● **EXERCISE GOAL**:
Word for word, restate the line containing "c0 = c0 \<longrightarrow>" and all the lines that come after it in the entries below. Include nothing from before it.

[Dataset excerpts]
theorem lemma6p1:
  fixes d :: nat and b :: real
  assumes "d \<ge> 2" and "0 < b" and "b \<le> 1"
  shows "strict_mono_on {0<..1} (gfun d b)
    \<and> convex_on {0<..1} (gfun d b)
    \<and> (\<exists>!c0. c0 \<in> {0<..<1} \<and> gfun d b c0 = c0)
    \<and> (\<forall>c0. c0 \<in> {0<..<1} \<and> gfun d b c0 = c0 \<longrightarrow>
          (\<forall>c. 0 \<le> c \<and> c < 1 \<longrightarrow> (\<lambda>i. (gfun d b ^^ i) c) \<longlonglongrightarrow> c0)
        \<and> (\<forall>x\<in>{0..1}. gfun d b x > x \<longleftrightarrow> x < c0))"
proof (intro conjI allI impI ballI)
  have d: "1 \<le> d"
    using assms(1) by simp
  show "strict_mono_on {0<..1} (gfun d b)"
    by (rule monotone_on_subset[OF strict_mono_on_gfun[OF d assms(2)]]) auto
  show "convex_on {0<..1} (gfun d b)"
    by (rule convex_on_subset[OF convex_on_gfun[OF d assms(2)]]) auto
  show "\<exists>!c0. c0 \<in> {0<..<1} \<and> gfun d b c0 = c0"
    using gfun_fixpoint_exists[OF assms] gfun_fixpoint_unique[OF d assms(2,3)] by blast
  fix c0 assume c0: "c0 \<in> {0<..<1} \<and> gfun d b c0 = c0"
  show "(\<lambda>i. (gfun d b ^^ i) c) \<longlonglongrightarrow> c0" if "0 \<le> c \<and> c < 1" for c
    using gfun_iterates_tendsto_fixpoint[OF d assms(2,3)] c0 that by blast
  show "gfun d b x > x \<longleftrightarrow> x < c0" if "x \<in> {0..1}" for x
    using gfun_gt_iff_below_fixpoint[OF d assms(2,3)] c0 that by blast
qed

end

● **OUTPUT**:
    \<and> (\<forall>c0. c0 \<in> {0<..<1} \<and> gfun d b c0 = c0 \<longrightarrow>
          (\<forall>c. 0 \<le> c \<and> c < 1 \<longrightarrow> (\<lambda>i. (gfun d b ^^ i) c) \<longlonglongrightarrow> c0)
        \<and> (\<forall>x\<in>{0..1}. gfun d b x > x \<longleftrightarrow> x < c0))"
proof (intro conjI allI impI ballI)
  have d: "1 \<le> d"
    using assms(1) by simp
  show "strict_mono_on {0<..1} (gfun d b)"
    by (rule monotone_on_subset[OF strict_mono_on_gfun[OF d assms(2)]]) auto
  show "convex_on {0<..1} (gfun d b)"
    by (rule convex_on_subset[OF convex_on_gfun[OF d assms(2)]]) auto
  show "\<exists>!c0. c0 \<in> {0<..<1} \<and> gfun d b c0 = c0"
    using gfun_fixpoint_exists[OF assms] gfun_fixpoint_unique[OF d assms(2,3)] by blast
  fix c0 assume c0: "c0 \<in> {0<..<1} \<and> gfun d b c0 = c0"
  show "(\<lambda>i. (gfun d b ^^ i) c) \<longlonglongrightarrow> c0" if "0 \<le> c \<and> c < 1" for c
    using gfun_iterates_tendsto_fixpoint[OF d assms(2,3)] c0 that by blast
  show "gfun d b x > x \<longleftrightarrow> x < c0" if "x \<in> {0..1}" for x
    using gfun_gt_iff_below_fixpoint[OF d assms(2,3)] c0 that by blast
qed

end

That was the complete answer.